Oak wood consists of cellulose (38-52%), hemicellulose (25-30%), lignin (22-25%) and extractives of the wood (5-10%). Oak cellulose is a linear chain of up to thousands of D-glucose-molecules and quite inactive in terms of flavour extraction during spirit maturation, extracting only some carbohydrates in high temperatures during toasting/charring.
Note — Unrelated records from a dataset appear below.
(* Let $Q \ll P$ be probability measures on a Polish space $\Omega$, $r = dQ/dP$, and let $f \in \mathcal{F}$ be such that $0 < D_f(Q\|P) < \infty$. Let $\epsilon > 0$ and $\gamma \in (0,1)$. Let $M > 0$ be such that $\widetilde{M} := M / W_P(M)$ satisfies $f'(\widetilde{M}) = D_f(Q\|P)/(\gamma\epsilon)$, and let $k$ be a positive integer with $k \ge \widetilde{M} \ln\!\big(1/((1-\gamma)\epsilon)\big)$. Consider the following budgeted rejection sampler: let $X_1, X_2, \dots$ be i.i.d. $P$-distributed, $U_1, U_2, \dots$ i.i.d. uniform on $[0,1]$ and independent of the $X_i$; let $K = \min\{i \ge 1 : U_i \le r_M(X_i)/\widetilde{M}\}$ where $r_M(x) = (r(x) \wedge M)/W_P(M)$; if $K \le k$ output $X_K$, and otherwise output one of $X_1, \dots, X_k$ chosen uniformly at random (independently of everything else). Then the law $\widetilde{Q}$ of the output satisfies $D_{TV}(\widetilde{Q}, Q) \le \epsilon$. In particular a sample complexity of $\ln\!\big(\tfrac{1}{(1-\gamma)\epsilon}\big)\,(f')^{-1}\!\big(\tfrac{D_f(Q\|P)}{\gamma\epsilon}\big)$ suffices.
   Context: $a \wedge b = \min\{a,b\}$. $\mathcal{F}$ is the set of convex functions $f : [0,\infty) \to \mathbb{R}_{\ge 0} \cup \{\infty\}$ with $f(1) = 0$ and $f'(1) = 0$ (assumed differentiable). For $f \in \mathcal{F}$, the $f$-divergence is $D_f(Q\|P) = \mathbb{E}_{X \sim P}[f(r(X))]$. Define $w_P(h) = \mathbb{P}_{X \sim P}[r(X) \ge h]$ and $W_P(h) = \int_0^h w_P(\eta)\,d\eta$ (equivalently $W_P(h) = \mathbb{E}_{X\sim P}[r(X) \wedge h]$). The total variation distance is $D_{TV}(Q, P) = \sup_B |Q(B) - P(B)|$. The measure $Q_M$ with $dQ_M/dP = r_M$ is a probability measure and $r_M \le \widetilde{M}$. *)

theory Defs
  imports "HOL-Probability.Probability"
begin

definition ext_convex_nonneg :: "(real \<Rightarrow> ereal) \<Rightarrow> bool" where
  "ext_convex_nonneg f \<longleftrightarrow>
     (\<forall>x\<ge>0. \<forall>y\<ge>0. \<forall>t::real. 0 \<le> t \<and> t \<le> 1 \<longrightarrow>
        f ((1 - t) * x + t * y) \<le> ereal (1 - t) * f x + ereal t * f y)"

definition fdiv :: "'a measure \<Rightarrow> (real \<Rightarrow> ereal) \<Rightarrow> ('a \<Rightarrow> real) \<Rightarrow> ennreal" where
  "fdiv P f r = (\<integral>\<^sup>+ x. e2ennreal (f (r x)) \<partial>P)"

definition Wfun :: "'a measure \<Rightarrow> ('a \<Rightarrow> real) \<Rightarrow> real \<Rightarrow> real" where
  "Wfun P r h = (\<integral> x. min (r x) h \<partial>P)"

definition tv_dist :: "'a measure \<Rightarrow> 'a measure \<Rightarrow> real" where
  "tv_dist Q P = (SUP B \<in> sets P. \<bar>measure Q B - measure P B\<bar>)"

definition rM :: "'a measure \<Rightarrow> ('a \<Rightarrow> real) \<Rightarrow> real \<Rightarrow> 'a \<Rightarrow> real" where
  "rM P r M x = min (r x) M / Wfun P r M"

definition Mtilde :: "'a measure \<Rightarrow> ('a \<Rightarrow> real) \<Rightarrow> real \<Rightarrow> real" where
  "Mtilde P r M = M / Wfun P r M"

text \<open>The outcome is a pair of an
  infinite sequence ((X_0,U_0),(X_1,U_1),...) (0-indexed) and an index j in {0..<k}
  (the uniform fallback choice). Index i is accepted iff U_i <= r_M(X_i)/M tilde;
  K <= k iff some index i < k is accepted.\<close>
definition brs_out :: "'a measure \<Rightarrow> ('a \<Rightarrow> real) \<Rightarrow> real \<Rightarrow> nat
                        \<Rightarrow> (nat \<Rightarrow> 'a \<times> real) \<times> nat \<Rightarrow> 'a" where
  "brs_out P r M k \<omega> =
     (let xs = fst \<omega>; j = snd \<omega>;
          acc = (\<lambda>i. snd (xs i) \<le> rM P r M (fst (xs i)) / Mtilde P r M)
      in if \<exists>i<k. acc i then fst (xs (LEAST i. acc i)) else fst (xs j))"

definition brs_space :: "'a measure \<Rightarrow> nat \<Rightarrow> ((nat \<Rightarrow> 'a \<times> real) \<times> nat) measure" where
  "brs_space P k =
     (\<Pi>\<^sub>M i\<in>UNIV. (P \<Otimes>\<^sub>M uniform_measure lborel {0..1::real}))
       \<Otimes>\<^sub>M measure_pmf (pmf_of_set {..<k})"

definition brs_law :: "'a measure \<Rightarrow> ('a \<Rightarrow> real) \<Rightarrow> real \<Rightarrow> nat \<Rightarrow> 'a measure" where
  "brs_law P r M k = distr (brs_space P k) P (brs_out P r M k)"

end

theory Submission
  imports Defs
begin

(*
  Each proposal is accepted with probability g = r_M / Mtilde = min r M / M, so the acceptance
  rate is p = W_P(M) / M = 1 / Mtilde.  Summing over the events "first acceptance at step i < k"
  gives the lower bound (1 - (1 - p)^k) Q_M(B) for the law of the output; applied to the
  complement of B it gives the upper bound (1 - (1 - p)^k) Q_M(B) + (1 - p)^k.  Hence the output
  is within (1 - p)^k <= exp (- k / Mtilde) <= (1 - gamma) epsilon of Q_M.

  Truncation costs at most E_P[(r - Mtilde)^+]: the function r - r_M has mean zero and its
  positive part is dominated by (r - Mtilde)^+, because r_M = r / W_P(M) >= r below M and
  r_M = Mtilde above.  By convexity, f(r) >= f'(Mtilde) (r - Mtilde), so
  E_P[(r - Mtilde)^+] <= D_f(Q||P) / f'(Mtilde) = gamma epsilon.
*)

lemma emeasure_uniform_unit_le:
  fixes t :: real
  assumes "0 \<le> t" "t \<le> 1"
  shows "emeasure (uniform_measure lborel {0..1::real}) {u. u \<le> t} = ennreal t"
proof -
  have "{0..1::real} \<inter> {u. u \<le> t} = {0..t}" using assms by auto
  then show ?thesis using assms by (simp add: divide_ennreal_def)
qed

lemma measure_pair_uniform_below:
  fixes g :: "'a \<Rightarrow> real"
  assumes "finite_measure P" and g[measurable]: "g \<in> borel_measurable P"
    and g01: "\<And>x. 0 \<le> g x \<and> g x \<le> 1" and B[measurable]: "B \<in> sets P"
  shows "measure (P \<Otimes>\<^sub>M uniform_measure lborel {0..1})
           {z \<in> space (P \<Otimes>\<^sub>M uniform_measure lborel {0..1}). fst z \<in> B \<and> snd z \<le> g (fst z)}
         = (\<integral>x. indicator B x * g x \<partial>P)"
proof -
  let ?U = "uniform_measure lborel {0..1::real}"
  let ?A = "{z \<in> space (P \<Otimes>\<^sub>M ?U). fst z \<in> B \<and> snd z \<le> g (fst z)}"
  interpret U: prob_space ?U by (intro prob_space_uniform_measure) auto
  interpret P: finite_measure P by fact
  interpret PU: finite_measure "P \<Otimes>\<^sub>M ?U" by (intro finite_measure_pair_measure) unfold_locales
  have section_eq: "emeasure ?U (Pair x -` ?A) = ennreal (indicator B x * g x)" if "x \<in> space P" for x
  proof (cases "x \<in> B")
    case True
    then have "Pair x -` ?A = {u. u \<le> g x}" using that by (auto simp: space_pair_measure)
    then show ?thesis using True g01 emeasure_uniform_unit_le by simp
  qed auto
  have "emeasure (P \<Otimes>\<^sub>M ?U) ?A = (\<integral>\<^sup>+ x. emeasure ?U (Pair x -` ?A) \<partial>P)"
    by (rule U.emeasure_pair_measure_alt) measurable
  also have "\<dots> = (\<integral>\<^sup>+ x. ennreal (indicator B x * g x) \<partial>P)"
    by (intro nn_integral_cong section_eq)
  also have "\<dots> = ennreal (\<integral>x. indicator B x * g x \<partial>P)"
    by (intro nn_integral_eq_integral P.integrable_const_bound[where B=1])
       (use g01 in \<open>auto simp: indicator_def\<close>)
  finally show ?thesis
    using g01 by (simp add: PU.emeasure_eq_measure integral_nonneg_AE)
qed

lemma measure_pair_uniform_above:
  fixes g :: "'a \<Rightarrow> real"
  assumes "prob_space P" and g[measurable]: "g \<in> borel_measurable P"
    and g01: "\<And>x. 0 \<le> g x \<and> g x \<le> 1"
  shows "measure (P \<Otimes>\<^sub>M uniform_measure lborel {0..1})
           {z \<in> space (P \<Otimes>\<^sub>M uniform_measure lborel {0..1}). g (fst z) < snd z}
         = 1 - (\<integral>x. g x \<partial>P)"
proof -
  let ?N = "P \<Otimes>\<^sub>M uniform_measure lborel {0..1::real}"
  interpret P: prob_space P by fact
  interpret N: prob_space ?N
    by (intro prob_space_pair P.prob_space_axioms prob_space_uniform_measure) auto
  have "space ?N - {z \<in> space ?N. g (fst z) < snd z}
          = {z \<in> space ?N. fst z \<in> space P \<and> snd z \<le> g (fst z)}"
    by (auto simp: space_pair_measure)
  then have "measure ?N (space ?N - {z \<in> space ?N. g (fst z) < snd z})
               = (\<integral>x. indicator (space P) x * g x \<partial>P)"
    by (simp add: measure_pair_uniform_below[OF P.finite_measure_axioms g g01 sets.top])
  also have "\<dots> = (\<integral>x. g x \<partial>P)"
    by (intro Bochner_Integration.integral_cong) auto
  finally have "measure ?N (space ?N - {z \<in> space ?N. g (fst z) < snd z}) = (\<integral>x. g x \<partial>P)" .
  moreover have "{z \<in> space ?N. g (fst z) < snd z} \<in> sets ?N"
    by measurable
  ultimately show ?thesis
    using N.prob_compl by simp
qed

lemma emeasure_PiM_initial_segment:
  fixes n :: nat
  assumes "prob_space N" and A: "\<And>m. m < n \<Longrightarrow> A m \<in> sets N"
  shows "emeasure (\<Pi>\<^sub>M i\<in>UNIV. N) {xs \<in> space (\<Pi>\<^sub>M i\<in>UNIV. N). \<forall>m<n. xs m \<in> A m}
           = (\<Prod>m<n. emeasure N (A m))"
proof -
  have "{xs \<in> space (\<Pi>\<^sub>M i\<in>UNIV. N). \<forall>m<n. xs m \<in> A m}
          = prod_emb UNIV (\<lambda>_. N) {..<n} (Pi\<^sub>E {..<n} A)"
    by (auto simp: prod_emb_def PiE_iff space_PiM)
  also have "emeasure (\<Pi>\<^sub>M i\<in>UNIV. N) \<dots> = (\<Prod>m<n. emeasure N (A m))"
    by (rule emeasure_PiM_emb) (use assms in auto)
  finally show ?thesis .
qed

lemma measure_PiM_first_hit:
  fixes k :: nat
  assumes "prob_space N" and [measurable]: "R \<in> sets N" "A \<in> sets N" and "R \<inter> A = {}"
  shows "measure (\<Pi>\<^sub>M i\<in>UNIV. N)
           {xs \<in> space (\<Pi>\<^sub>M i\<in>UNIV. N). \<exists>i<k. (\<forall>m<i. xs m \<in> R) \<and> xs i \<in> A}
         = (\<Sum>i<k. measure N R ^ i * measure N A)"
proof -
  interpret N: prob_space N by fact
  interpret Om: product_prob_space "\<lambda>_. N" "UNIV :: nat set" by unfold_locales
  let ?Om = "\<Pi>\<^sub>M n\<in>(UNIV :: nat set). N"
  define E where "E i = {xs \<in> space ?Om. (\<forall>m<i. xs m \<in> R) \<and> xs i \<in> A}" for i :: nat
  have E_eq: "E i = {xs \<in> space ?Om. \<forall>m<Suc i. xs m \<in> (if m < i then R else A)}" for i
    unfolding E_def less_Suc_eq by force
  have E_sets: "E i \<in> sets ?Om" for i
    unfolding E_def by measurable
  have "emeasure ?Om (E i) = (\<Prod>m<Suc i. emeasure N (if m < i then R else A))" for i
    unfolding E_eq by (rule emeasure_PiM_initial_segment) (use assms in auto)
  also have "\<dots> i = ennreal (measure N R ^ i * measure N A)" for i
    by (simp add: N.emeasure_eq_measure ennreal_power ennreal_mult)
  finally have measure_E: "measure ?Om (E i) = measure N R ^ i * measure N A" for i
    by (simp add: Om.emeasure_eq_measure)
  have "disjoint_family_on E {..<k}"
    unfolding disjoint_family_on_def
  proof (intro ballI impI)
    fix i j :: nat assume "i \<noteq> j"
    then consider "i < j" | "j < i" by linarith
    then show "E i \<inter> E j = {}" using assms(4) unfolding E_def by cases blast+
  qed
  moreover have "{xs \<in> space ?Om. \<exists>i<k. (\<forall>m<i. xs m \<in> R) \<and> xs i \<in> A} = (\<Union>i<k. E i)"
    unfolding E_def by blast
  ultimately show ?thesis
    using E_sets by (simp add: measure_finite_Union image_subset_iff measure_E)
qed

definition rejection_sample :: "('a \<Rightarrow> real) \<Rightarrow> nat \<Rightarrow> (nat \<Rightarrow> 'a \<times> real) \<times> nat \<Rightarrow> 'a" where
  "rejection_sample g k \<omega> =
     (let xs = fst \<omega>; accepted = (\<lambda>i. snd (xs i) \<le> g (fst (xs i)))
      in if \<exists>i<k. accepted i then fst (xs (LEAST i. accepted i)) else fst (xs (snd \<omega>)))"

lemma rejection_sample_eq_first_accepted:
  assumes "i < k" and "snd (xs i) \<le> g (fst (xs i))"
    and "\<And>m. m < i \<Longrightarrow> g (fst (xs m)) < snd (xs m)"
  shows "rejection_sample g k (xs, j) = fst (xs i)"
proof -
  have "(LEAST i. snd (xs i) \<le> g (fst (xs i))) = i"
    using assms by (intro Least_equality) (auto simp: not_less[symmetric])
  then show ?thesis
    using assms unfolding rejection_sample_def Let_def by auto
qed

lemma measurable_rejection_sample[measurable]:
  assumes [measurable]: "g \<in> borel_measurable P"
  shows "rejection_sample g k \<in> brs_space P k \<rightarrow>\<^sub>M P"
proof -
  let ?S = "brs_space P k"
  have sample[measurable]: "(\<lambda>\<omega>. fst (fst \<omega> i)) \<in> ?S \<rightarrow>\<^sub>M P" for i
    unfolding brs_space_def by measurable
  have [measurable]: "(\<lambda>\<omega>. snd (fst \<omega> i)) \<in> ?S \<rightarrow>\<^sub>M borel" for i
    unfolding brs_space_def by measurable
  have [measurable]: "snd \<in> ?S \<rightarrow>\<^sub>M count_space UNIV"
    using measurable_snd[of _ "measure_pmf (pmf_of_set {..<k})"]
    unfolding brs_space_def by (simp cong: measurable_cong_sets)
  have "(\<lambda>\<omega>. LEAST i. snd (fst \<omega> i) \<le> g (fst (fst \<omega> i))) \<in> ?S \<rightarrow>\<^sub>M count_space UNIV"
    by measurable
  then have "(\<lambda>\<omega>. fst (fst \<omega> (LEAST i. snd (fst \<omega> i) \<le> g (fst (fst \<omega> i))))) \<in> ?S \<rightarrow>\<^sub>M P"
    by (rule measurable_compose_countable[OF sample])
  moreover have "(\<lambda>\<omega>. fst (fst \<omega> (snd \<omega>))) \<in> ?S \<rightarrow>\<^sub>M P"
    by (rule measurable_compose_countable[OF sample]) measurable
  moreover have "{\<omega> \<in> space ?S. \<exists>i<k. snd (fst \<omega> i) \<le> g (fst (fst \<omega> i))} \<in> sets ?S"
    by measurable
  ultimately show ?thesis
    unfolding rejection_sample_def Let_def by (rule measurable_If)
qed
Hemicellulose contains several defferent sugars (xylose, mannose, galactose, rhamnose, arabinose, glucose) and forms branched chains of hundreds of molecules. Hemicellulose breaks easily when heated, producing a range of extractable aroma compounds, such as furfural (almond, walnut, grainy), hydroxymethylfurfural (butter, musty, waxy, caramel), maltol (malt, sweet) and cyclotene (maple, caramel, licorice).
Lignins are very complex macromolecules consisting of three monolignol units p-hydroxyphenol (not present in oak), guaiacyl (32% in oak lignin) and syringyl (68% in oak lignin) derived from dehydration and polymerization of cinnamyl alcohols. Usually natural lignin includes various other molecules joined in to the structure, including different sugars, acids and aldehydes. Heating breaks parts of lignin to soluble p-coumaryl-, coniferyl- and sinapyl-alcohols. They can transform into their respective aldehydes, acids and phenols including very aromatic compounds such as guaiacol (smoky), 4-vinylguaiacol (clove), phenyl ethanol (floral, rose), vanillin and vanillic acid. At higher temperatures a range of other volatile phenols are formed. Lignin breakdown continues at a slower rate during maturation by the effect of ethanol. Most of the lignin derivatives and extractibles decribed above are present also in the malted grains, peat and new make spirit.
Lignin synthesis, monolignols. From Nature Reviews
Oak wood extractives include two different natural isomers of oak lactones. The cis-oak lactone gives sweet coconut-vanillin aroma. The trans-oak lactone is spicier (coconut,cloves, celery, incence), but 2,5-20 times weaker if all the synergetic influences of other oak extractives are not taken into account. The trans-lactone is believed to promote the taste of cis-lactone and various other flavour compounds in whisky, producing heavy coconut amd incence aromas at high concentrations. Various other lactones are described as fruity, peach-like and vanillic.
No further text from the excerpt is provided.